Authenticity is a concept of personality in the fields of psychology, existential psychotherapy, existentialist philosophy, and aesthetics. In existentialism, authenticity is the degree to which a person's actions are congruent with their values and desires, despite external pressures to social conformity. The conscious Self comes to terms with the condition of Geworfenheit, of having been thrown into an absurd world (without values and without meaning) not of their own making, thereby encountering external forces and influences different from and other than the Self.[2] In human relations, a person’s lack of authenticity is considered bad faith in dealing with other people and with one's self; thus, authenticity is in the instruction of the Oracle of Delphi: “Know thyself.”[3][4]

Concerning authenticity in art, the philosophers Jean Paul Sartre and Theodor Adorno held opposing views and opinions about jazz, a genre of American music; Sartre said that jazz is authentic and Adorno said that jazz is inauthentic.
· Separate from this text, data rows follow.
(* Let $\sigma>0$, $0\le\delta<\min(1,\sigma)$ and $0<a\le1$. For every integer $t>\tau:=\big(\frac{2(\sigma-\delta)}{a}\big)^{\frac{1}{1-\delta}}$, $$\sum_{s=1}^{t-1}\Big[\frac{1}{s^\sigma}\prod_{k=s+1}^{t-1}\Big(1-\frac{a}{k^\delta}\Big)\Big]\le A(a,\sigma,\delta)\,t^{-(\sigma-\delta)},$$ where $A(a,\sigma,\delta)=2^\sigma\max\{1+\frac2a,\,1+\frac{1}{\sigma-1}(\frac{2(\sigma-\delta)}{a})^{\frac{\sigma-\delta}{1-\delta}}\}$ if $\sigma>1$; $A(a,\sigma,\delta)=2^\sigma\max\{1+\frac2a,\,1+\frac2a\ln(\frac{2(1-\delta)}{a})\}$ if $\sigma=1$; $A(a,\sigma,\delta)=2^\sigma\max\{1+\frac2a,\,1+\frac{2(\sigma-\delta)}{a(1-\sigma)}\}$ if $0<\sigma<1$. Moreover, for $\delta=1$ and $a-\sigma+1\neq0$, $$\sum_{s=1}^{t-1}\Big[\frac{1}{s^\sigma}\prod_{k=s+1}^{t-1}\Big(1-\frac{a}{k}\Big)\Big]\le A(a,\sigma,1)\,t^{-\min(\sigma-1,a)},$$ where $A(a,\sigma,1)=2^\sigma\big(1+\frac{1}{|a-\sigma+1|}\big)$.
   Context: Empty products equal $1$. In the case $\delta=1$ the same $a\in(0,1]$ and $\sigma>0$ are considered and $t$ ranges over positive integers. *)

theory Defs
  imports Complex_Main
begin

definition weighted_prod_sum :: "real \<Rightarrow> real \<Rightarrow> real \<Rightarrow> nat \<Rightarrow> real" where
  "weighted_prod_sum a \<sigma> \<delta> t =
     (\<Sum>s\<in>{1..<t}. (1 / (real s powr \<sigma>)) *
        (\<Prod>k\<in>{s+1..<t}. (1 - a / (real k powr \<delta>))))"

definition const_A :: "real \<Rightarrow> real \<Rightarrow> real \<Rightarrow> real" where
  "const_A a \<sigma> \<delta> =
     (if \<sigma> > 1 then
        2 powr \<sigma> * max (1 + 2 / a)
          (1 + 1 / (\<sigma> - 1) * (2 * (\<sigma> - \<delta>) / a) powr ((\<sigma> - \<delta>) / (1 - \<delta>)))
      else if \<sigma> = 1 then
        2 powr \<sigma> * max (1 + 2 / a) (1 + 2 / a * ln (2 * (1 - \<delta>) / a))
      else
        2 powr \<sigma> * max (1 + 2 / a) (1 + 2 * (\<sigma> - \<delta>) / (a * (1 - \<sigma>))))"
(* For each $w>0$ there exists a unique probability density $p$ on $[0,\infty)$ with $\int_0^\infty x\,p(x)\,dx=w$ satisfying $T[p]=p$, and it is given by $$p_w(x)=\frac{4}{w^2}\,x\,e^{-\frac{2}{w}x},\qquad x\ge 0.$$
   Context: Let $\mathcal{P}$ denote the set of probability densities on $[0,\infty)$. For $p\in\mathcal{P}$ define $S[p](x)=\int_x^\infty \frac{p(u)}{u}\,du$ for $x\ge 0$, and define the nonlinear operator $T:\mathcal{P}\to\mathcal{P}$ by $T[p]=S[p]*S[p]$, i.e. $T[p](x)=\int_0^x S[p](x-v)\,S[p](v)\,dv$. (This is the infinite-population Immediate Exchange model: $p_{t+1}=T[p_t]$ is the density of $\epsilon_1U+\epsilon_2V$ where $U,V$ have density $p_t$, $\epsilon_1,\epsilon_2\sim \mathrm{Uniform}([0,1])$, all independent.) An equilibrium distribution is a $p\in\mathcal{P}$ with $T[p]=p$. *)

theory Defs
  imports "HOL-Analysis.Analysis"
begin

definition is_density :: "(real \<Rightarrow> real) \<Rightarrow> bool" where
  "is_density p \<longleftrightarrow> (\<forall>x\<ge>0. 0 \<le> p x) \<and> set_integrable lborel {0..} p
     \<and> (LINT x:{0..}|lborel. p x) = 1"

definition S_op :: "(real \<Rightarrow> real) \<Rightarrow> real \<Rightarrow> real" where
  "S_op p x = (LINT u:{x<..}|lborel. p u / u)"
Many musical subcultures require artistic authenticity, lest the community consider an artist to be a poseur for lacking authenticity (creative, musical, personal);[5] artistic authenticity is integral to many genres of music, including but not limited to genres of rock (such as punk rock and heavy metal), club music (such as house and techno), and hip-hop.[6]


In the 18th century, Romantic philosophers recommended intuition, emotion, and a connection to Nature as the necessary counterbalances to the intellectualism of the Age of Enlightenment.[7] In the 20th century, Anglo–American preoccupations with authenticity centre upon the writings of existentialist philosophers whose native tongue is not English; therefore, the faithful, true, and accurate translation of the term existentialism was much debated, to which end the philosopher Walter Kaufmann assembled the canon of existentialist philosophers, which includes the Dane Søren Kierkegaard (1813–1855), the German Martin Heidegger (1889–1976), and the Frenchman Jean-Paul Sartre (1905–1980), for whom the conscious Self comes to terms with existence (being and living) in an absurd, materialist world featuring external forces, e.g. Geworfenheit (Thrown-ness), and intellectual influences different from and other than the Self. Therefore, personal authenticity is in how a person acts and changes in response to the influences of the external world upon the Self. Among artists, authenticity in art describes a work of art that is faithful to the values of the artist.[8] In the field of psychology, authenticity identifies a person living life in accordance with their true Self, personal values, rather than according to the external demands of society, such as social conventions, kinship, and duty.[9][10][11]

Existential perspectives

Jean-Paul Sartre

Intelligible descriptions of the abstract concepts that constitute authenticity usually indicate the descriptive limits of language; thus, to describe the negative space surrounding the condition of being inauthentic, examples of inauthentic living illustrate the condition of being an authentic person.[12] To that descriptive end, the novels of Jean-Paul Sartre are in language that makes authenticity conceptually intelligible through the stories of anti-heroic characters, people who base their actions upon external, psychological pressures — such as the social pressure to appear to be a certain kind of person; the pressure to adopt a given way of life; and the pressure to prostitute personal integrity (moral values and aesthetic standards) in exchange for the comfort (physical, mental, and moral) of social conformity. The novelist Sartre explains existential philosophy through the stories of men and women who do not understand their own reasoning for acting as they do, people who ignore crucial facts about their own lives, in order to avoid unpleasant facts about being an inauthentic person with an identity defined from outside the self.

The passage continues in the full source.